There are still lots of muddy questions over the capabilities of AI. Whilst its ability to co-create with humans, and feed off of case histories is remarkable, there are flashing question marks over its ability to be original. 

Is AI able to guide a brand to cruise beautifully over the humps and bumps of modern culture? Will designs cultivated by machine learning, be able to remain relevant, or will they just cyclically rechurn the past? The questions and grievances boil down to whether AI systems, that work to excavate the creativity of the past, will leave fashion houses to become boring and stagnant. Isn’t evolution, and radical unexpected change intrinsic to success stories?

AI might in fact prohibit breakthrough talent from redirecting drowning brand names. As such, it will prohibit these voices from carving out their very own protagonist story lines. We could be entering an era where AI, understood and utilized mostly by those at the top of the game, is used as a barrier to gate keep and cling on to directorial positions. Whilst this may seem a dramatic conclusion, there is definitely some level of truth that stagnancy might run in parallel with increased AI adoption.

In the instance of Norma Kamali, the her AI design tool is planned to be run from an advanced computer hardware system built into her office. This ensures an added level of security versus having it run on the cloud. This decision leads us to question whether incorporating such richly data-fed AI into creative teams poses a threat to creative confidentiality. If we are entering an era where creativity becomes extracted and concentrated into an online system, surely we are building a world where creativity can be hacked, blocked and wiped. 

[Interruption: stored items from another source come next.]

(* Let $H$ be a separable Hilbert space, let $L\subset H$ be compact, let $K\subset H$ be a convex self-dual cone and let $v\in K$. Then there is $D>0$ with the following property. For all $a<b$ and all curves $c\in C^2([a,b],L)$ parametrized by arc length with $c'([a,b])\subset v-K$ and $c''([a,b])\subset K$, one has $l(c)\le D$.
   Context: A cone $K$ is self-dual if $K=\{u\in H:\langle u,k\rangle\ge0\ \forall k\in K\}$. $v-K=\{v-k:k\in K\}$. $l(c)$ is the length of $c$. *)

theory Defs
  imports "HOL-Analysis.Analysis"
begin

definition self_dual :: "'a::real_inner set \<Rightarrow> bool" where
  "self_dual K \<longleftrightarrow> K = {u. \<forall>k\<in>K. inner u k \<ge> 0}"

definition curve_length :: "(real \<Rightarrow> 'a::real_normed_vector) \<Rightarrow> real \<Rightarrow> real \<Rightarrow> real" where
  "curve_length c a b = integral {a..b} (\<lambda>t. norm (vector_derivative c (at t within {a..b})))"

end

theory Submission
  imports Defs
begin

text \<open>
  Put \<open>h t = \<langle>c' t, v\<rangle>\<close>. For \<open>s \<le> t\<close> the increment \<open>c' t - c' s\<close> is an integral of \<open>c''\<close>,
  hence lies in \<open>K\<close>, and \<open>v - c' t \<in> K\<close>; self-duality makes their inner product nonnegative,
  which unfolds to \<open>h t - h s \<ge> 1 - \<langle>c' s, c' t\<rangle> \<ge> 0\<close>. So \<open>h\<close> is nondecreasing and bounded
  by \<open>\<parallel>v\<parallel>\<close>. On a time interval \<open>[s, t]\<close> where \<open>h\<close> grows by at most \<open>1/2\<close>, the velocity stays
  in the half-space \<open>\<langle>\<cdot>, c' s\<rangle> \<ge> 1/2\<close>, so the curve advances at least \<open>(t - s)/2\<close> in the
  direction \<open>c' s\<close>, which the diameter of \<open>L\<close> bounds. Cutting \<open>[a, b]\<close> at the times where \<open>h\<close>
  has grown by another \<open>1/2\<close> gives at most \<open>4\<parallel>v\<parallel> + 2\<close> such intervals. The length of a unit-speed
  curve is its duration, which is therefore bounded.
\<close>

lemma inner_left_has_real_derivative:
  "(g has_vector_derivative g') F \<Longrightarrow> ((\<lambda>r. inner (g r) u) has_real_derivative inner g' u) F"
  unfolding has_real_derivative_iff_has_vector_derivative
  by (rule bounded_linear.has_vector_derivative[OF bounded_linear_inner_left])

lemma mono_on_of_nonneg_derivative_within:
  fixes f :: "real \<Rightarrow> real"
  assumes deriv: "\<And>r. r \<in> {a..b} \<Longrightarrow> (f has_real_derivative f' r) (at r within {a..b})"
    and nonneg: "\<And>r. r \<in> {a..b} \<Longrightarrow> 0 \<le> f' r"
  shows "mono_on {a..b} f"
proof (rule mono_onI)
  fix s t assume st: "s \<in> {a..b}" "t \<in> {a..b}" "s \<le> t"
  show "f s \<le> f t"
  proof (rule DERIV_nonneg_imp_increasing_open[OF \<open>s \<le> t\<close>])
    fix x assume x: "s < x" "x < t"
    then have "at x within {a..b} = at x"
      using st by (intro at_within_interior) auto
    then show "\<exists>y. DERIV f x :> y \<and> 0 \<le> y"
      using deriv nonneg x st by (metis atLeastAtMost_iff less_imp_le order_trans)
  next
    have "continuous_on {a..b} f"
      using deriv by (rule DERIV_continuous_on)
    then show "continuous_on {s..t} f"
      by (rule continuous_on_subset) (use st in auto)
  qed
qed

lemma inner_diff_ge_of_derivative_bound:
  fixes c :: "real \<Rightarrow> 'a::real_inner"
  assumes "s \<le> t"
    and deriv: "\<And>r. r \<in> {s..t} \<Longrightarrow> (c has_vector_derivative c' r) (at r within {s..t})"
    and bound: "\<And>r. r \<in> {s..t} \<Longrightarrow> \<delta> \<le> inner (c' r) u"
  shows "\<delta> * (t - s) \<le> inner (c t - c s) u"
proof -
  have "mono_on {s..t} (\<lambda>r. inner (c r) u - \<delta> * r)"
  proof (rule mono_on_of_nonneg_derivative_within)
    fix r assume "r \<in> {s..t}"
    then show "((\<lambda>r. inner (c r) u - \<delta> * r) has_real_derivative inner (c' r) u - \<delta>)
        (at r within {s..t})"
      using deriv by (auto intro!: derivative_eq_intros inner_left_has_real_derivative)
    show "0 \<le> inner (c' r) u - \<delta>"
      using bound \<open>r \<in> {s..t}\<close> by simp
  qed
  then have "inner (c s) u - \<delta> * s \<le> inner (c t) u - \<delta> * t"
    using \<open>s \<le> t\<close> by (auto dest: mono_onD)
  then show ?thesis
    by (simp add: inner_diff_left algebra_simps)
qed

lemma self_dual_inner_nonneg:
  "self_dual K \<Longrightarrow> x \<in> K \<Longrightarrow> y \<in> K \<Longrightarrow> 0 \<le> inner x y"
  unfolding self_dual_def by blast

lemma self_dual_diff_mem_of_derivative:
  fixes g :: "real \<Rightarrow> 'a::real_inner"
  assumes "self_dual K" "s \<le> t"
    and deriv: "\<And>r. r \<in> {s..t} \<Longrightarrow> (g has_vector_derivative g' r) (at r within {s..t})"
    and mem: "\<And>r. r \<in> {s..t} \<Longrightarrow> g' r \<in> K"
  shows "g t - g s \<in> K"
proof -
  have "0 \<le> inner (g t - g s) k" if "k \<in> K" for k
    using inner_diff_ge_of_derivative_bound[OF \<open>s \<le> t\<close> deriv, of 0 k]
      self_dual_inner_nonneg[OF \<open>self_dual K\<close> mem \<open>k \<in> K\<close>] by simp
  then show ?thesis
    using \<open>self_dual K\<close> unfolding self_dual_def by blast
qed

lemma self_dual_inner_gain:
  fixes x y v :: "'a::real_inner"
  assumes "self_dual K" "x - y \<in> K" "v - x \<in> K" "norm x = 1"
  shows "1 - inner y x \<le> inner x v - inner y v"
proof -
  have "0 \<le> inner (x - y) (v - x)"
    using assms self_dual_inner_nonneg by blast
  moreover have "inner x x = 1"
    using \<open>norm x = 1\<close> by (simp add: power2_norm_eq_inner[symmetric])
  ultimately show ?thesis
    by (simp add: inner_diff_left inner_diff_right inner_commute)
qed

lemma self_dual_velocity_inner_gain:
  fixes c' c'' :: "real \<Rightarrow> 'a::real_inner"
  assumes K: "self_dual K" and "a \<le> s" "s \<le> t" "t \<le> b"
    and c': "\<And>r. r \<in> {a..b} \<Longrightarrow> (c' has_vector_derivative c'' r) (at r within {a..b})"
    and accel: "\<And>r. r \<in> {a..b} \<Longrightarrow> c'' r \<in> K"
    and "v - c' t \<in> K" "norm (c' t) = 1"
  shows "1 - inner (c' s) (c' t) \<le> inner (c' t) v - inner (c' s) v"
proof -
  have c'_sub: "(c' has_vector_derivative c'' r) (at r within {s..t})" if "r \<in> {s..t}" for r
    using that assms by (intro has_vector_derivative_within_subset[OF c']) auto
  have "c' t - c' s \<in> K"
    by (rule self_dual_diff_mem_of_derivative[OF K \<open>s \<le> t\<close> c'_sub]) (use accel assms in auto)
  then show ?thesis
    using self_dual_inner_gain[OF K] assms by blast
qed

lemma interval_length_le_of_small_increments:
  fixes h :: "real \<Rightarrow> real"
  assumes cont: "continuous_on {a..b} h" and "0 \<le> \<epsilon>" "a \<le> b"
    and short: "\<And>s t. a \<le> s \<Longrightarrow> s \<le> t \<Longrightarrow> t \<le> b \<Longrightarrow> h t - h s \<le> \<epsilon> \<Longrightarrow> t - s \<le> l"
    and "h b - h a \<le> real (Suc n) * \<epsilon>"
  shows "b - a \<le> real (Suc n) * l"
proof -
  have "0 \<le> l"
    using short[of a a] \<open>0 \<le> \<epsilon>\<close> \<open>a \<le> b\<close> by simp
  have "b - s \<le> real (Suc n) * l" if "a \<le> s" "s \<le> b" "h b - h s \<le> real (Suc n) * \<epsilon>" for s
    using that
  proof (induction n arbitrary: s)
    case 0
    then show ?case using short by simp
  next
    case (Suc n)
    show ?case
    proof (cases "h b - h s \<le> \<epsilon>")
      case True
      then have "b - s \<le> l" using short Suc.prems by simp
      moreover have "0 \<le> l * real n" using \<open>0 \<le> l\<close> by simp
      ultimately have "b - s \<le> l + l + l * real n" using \<open>0 \<le> l\<close> by linarith
      then show ?thesis by (simp add: algebra_simps)
    next
      case False
      have "continuous_on {s..b} h"
        using cont by (rule continuous_on_subset) (use Suc.prems in auto)
      then obtain r where r: "s \<le> r" "r \<le> b" "h r = h s + \<epsilon>"
        using IVT'[of h s "h s + \<epsilon>" b] False \<open>0 \<le> \<epsilon>\<close> Suc.prems by auto
      have "r - s \<le> l" using short[of s r] r Suc.prems by simp
      moreover have "b - r \<le> real (Suc n) * l"
        using Suc.IH[of r] r Suc.prems by (simp add: algebra_simps)
      ultimately show ?thesis by (simp add: algebra_simps)
    qed
  qed
  then show ?thesis using assms by simp
qed

lemma curve_length_unit_speed:
  assumes "a < b"
    and deriv: "\<And>t. t \<in> {a..b} \<Longrightarrow> (c has_vector_derivative c' t) (at t within {a..b})"
    and unit: "\<And>t. t \<in> {a..b} \<Longrightarrow> norm (c' t) = 1"
  shows "curve_length c a b = b - a"
proof -
  have "curve_length c a b = integral {a..b} (\<lambda>t. 1::real)"
    unfolding curve_length_def
  proof (rule integral_cong)
    fix t assume t: "t \<in> {a..b}"
    then have "vector_derivative c (at t within {a..b}) = c' t"
      using vector_derivative_within_cbox[of a b t c "c' t"] \<open>a < b\<close> deriv by auto
    then show "norm (vector_derivative c (at t within {a..b})) = 1"
      using unit t by simp
  qed
  then show ?thesis using \<open>a < b\<close> by simp
qed

lemma cone_curve_duration_le:
  fixes c c' c'' :: "real \<Rightarrow> 'a::real_inner"
  assumes K: "self_dual K" and "a \<le> b"
    and c: "\<And>t. t \<in> {a..b} \<Longrightarrow> (c has_vector_derivative c' t) (at t within {a..b})"
    and c': "\<And>t. t \<in> {a..b} \<Longrightarrow> (c' has_vector_derivative c'' t) (at t within {a..b})"
    and unit: "\<And>t. t \<in> {a..b} \<Longrightarrow> norm (c' t) = 1"
    and below_v: "\<And>t. t \<in> {a..b} \<Longrightarrow> v - c' t \<in> K"
    and accel: "\<And>t. t \<in> {a..b} \<Longrightarrow> c'' t \<in> K"
    and diam: "\<And>s t. s \<in> {a..b} \<Longrightarrow> t \<in> {a..b} \<Longrightarrow> norm (c t - c s) \<le> d"
  shows "b - a \<le> 2 * d * (4 * norm v + 2)"
proof -
  define h where "h r = inner (c' r) v" for r
  have c_sub: "(c has_vector_derivative c' r) (at r within {s..t})"
    if "a \<le> s" "t \<le> b" "r \<in> {s..t}" for s t r
    using that by (intro has_vector_derivative_within_subset[OF c]) auto
  have gain: "1 - inner (c' s) (c' t) \<le> h t - h s" if "a \<le> s" "s \<le> t" "t \<le> b" for s t
    using self_dual_velocity_inner_gain[OF K that c' accel below_v unit] that
    unfolding h_def by simp
  have h_mono: "h s \<le> h t" if "a \<le> s" "s \<le> t" "t \<le> b" for s t
    using gain[OF that] norm_cauchy_schwarz[of "c' s" "c' t"] unit that by auto
  have short: "t - s \<le> 2 * d" if "a \<le> s" "s \<le> t" "t \<le> b" "h t - h s \<le> 1/2" for s t
  proof -
    have "1/2 \<le> inner (c' r) (c' s)" if "r \<in> {s..t}" for r
      using gain[of s r] h_mono[of r t] that \<open>a \<le> s\<close> \<open>t \<le> b\<close> \<open>h t - h s \<le> 1/2\<close>
      by (auto simp: inner_commute)
    then have "1/2 * (t - s) \<le> inner (c t - c s) (c' s)"
      using inner_diff_ge_of_derivative_bound[OF \<open>s \<le> t\<close> c_sub] that by blast
    also have "\<dots> \<le> norm (c t - c s)"
      using norm_cauchy_schwarz[of "c t - c s" "c' s"] unit that by simp
    also have "\<dots> \<le> d"
      using diam that by simp
    finally show ?thesis by simp
  qed
  have h_cont: "continuous_on {a..b} h"
    unfolding h_def by (rule DERIV_continuous_on) (use c' inner_left_has_real_derivative in blast)
  define n where "n = nat \<lceil>4 * norm v\<rceil>"
  have h_bound: "\<bar>h r\<bar> \<le> norm v" if "r \<in> {a..b}" for r
    using Cauchy_Schwarz_ineq2[of "c' r" v] unit that unfolding h_def by simp
  have n_eq: "real n = of_int \<lceil>4 * norm v\<rceil>"
    unfolding n_def by simp
  have "4 * norm v \<le> real n"
    unfolding n_eq by simp
  moreover have "\<bar>h a\<bar> \<le> norm v" "\<bar>h b\<bar> \<le> norm v"
    using h_bound \<open>a \<le> b\<close> by auto
  ultimately have "h b - h a \<le> real (Suc n) * (1/2)"
    by simp
  then have "b - a \<le> real (Suc n) * (2 * d)"
    using interval_length_le_of_small_increments[where \<epsilon> = "1/2" and l = "2 * d",
        OF h_cont _ \<open>a \<le> b\<close> short] by simp
  also have "\<dots> \<le> (4 * norm v + 2) * (2 * d)"
  proof (rule mult_right_mono)
    show "real (Suc n) \<le> 4 * norm v + 2"
      using of_int_ceiling_le_add_one[of "4 * norm v"] n_eq unfolding of_nat_Suc by linarith
    show "0 \<le> 2 * d"
      using diam[of a a] \<open>a \<le> b\<close> by simp
  qed
  finally show ?thesis
    by (simp add: mult.commute)
qed

theorem theorem7:
  fixes L K :: "'a::{real_inner, complete_space} set" and v :: 'a
  assumes "separable_space (euclidean :: 'a topology)"
    and "compact L"
    and "convex_cone K" and "self_dual K"
    and "v \<in> K"
  shows "\<exists>D>0. \<forall>(a::real) b (c::real \<Rightarrow> 'a) c' c''.
           a < b
           \<and> (\<forall>t\<in>{a..b}. (c has_vector_derivative c' t) (at t within {a..b}))
           \<and> (\<forall>t\<in>{a..b}. (c' has_vector_derivative c'' t) (at t within {a..b}))
           \<and> continuous_on {a..b} c''
           \<and> c ` {a..b} \<subseteq> L
           \<and> (\<forall>t\<in>{a..b}. norm (c' t) = 1)
           \<and> c' ` {a..b} \<subseteq> (\<lambda>k. v - k) ` K
           \<and> c'' ` {a..b} \<subseteq> K
           \<longrightarrow> curve_length c a b \<le> D"
proof (intro exI[of _ "2 * diameter L * (4 * norm v + 2) + 1"] conjI allI impI)
  show "0 < 2 * diameter L * (4 * norm v + 2) + 1"
    using diameter_ge_0[OF compact_imp_bounded[OF \<open>compact L\<close>]] by (intro add_nonneg_pos mult_nonneg_nonneg) auto
  fix a b :: real and c c' c'' :: "real \<Rightarrow> 'a"
  assume "a < b
           \<and> (\<forall>t\<in>{a..b}. (c has_vector_derivative c' t) (at t within {a..b}))
           \<and> (\<forall>t\<in>{a..b}. (c' has_vector_derivative c'' t) (at t within {a..b}))
           \<and> continuous_on {a..b} c''
           \<and> c ` {a..b} \<subseteq> L
           \<and> (\<forall>t\<in>{a..b}. norm (c' t) = 1)
           \<and> c' ` {a..b} \<subseteq> (\<lambda>k. v - k) ` K
           \<and> c'' ` {a..b} \<subseteq> K"
  then have "a < b"
    and c: "\<And>t. t \<in> {a..b} \<Longrightarrow> (c has_vector_derivative c' t) (at t within {a..b})"
    and c': "\<And>t. t \<in> {a..b} \<Longrightarrow> (c' has_vector_derivative c'' t) (at t within {a..b})"
    and in_L: "c ` {a..b} \<subseteq> L"
    and unit: "\<And>t. t \<in> {a..b} \<Longrightarrow> norm (c' t) = 1"
    and below_v: "c' ` {a..b} \<subseteq> (\<lambda>k. v - k) ` K"
    and accel: "c'' ` {a..b} \<subseteq> K"
    by auto
  have "b - a \<le> 2 * diameter L * (4 * norm v + 2)"
  proof (rule cone_curve_duration_le[OF \<open>self_dual K\<close> _ c c' unit])
    show "norm (c t - c s) \<le> diameter L" if "s \<in> {a..b}" "t \<in> {a..b}" for s t
    proof -
      have "c s \<in> L" "c t \<in> L"
        using in_L that by auto
      then show ?thesis
        using diameter_bounded_bound[OF compact_imp_bounded[OF \<open>compact L\<close>]] by (simp add: dist_norm)
    qed
    show "v - c' t \<in> K" if "t \<in> {a..b}" for t
      using below_v that by force
  qed (use \<open>a < b\<close> accel in auto)
  then show "curve_length c a b \<le> 2 * diameter L * (4 * norm v + 2) + 1"
    using curve_length_unit_speed[OF \<open>a < b\<close> c unit] by simp
qed

end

AI can’t instill a personal workplace culture, become a socialite and a persona, or foster a brand sentiment and story with the same energy that a physical person can. Whilst we can try to download ideas and passion from the human body, and re-inserting them into a machine, there is definitely a ripple effect in removing the physical person from the brand landscape. This is something fashion houses and teams will have to learn to learn to navigate as our processes of fashion become ever changed.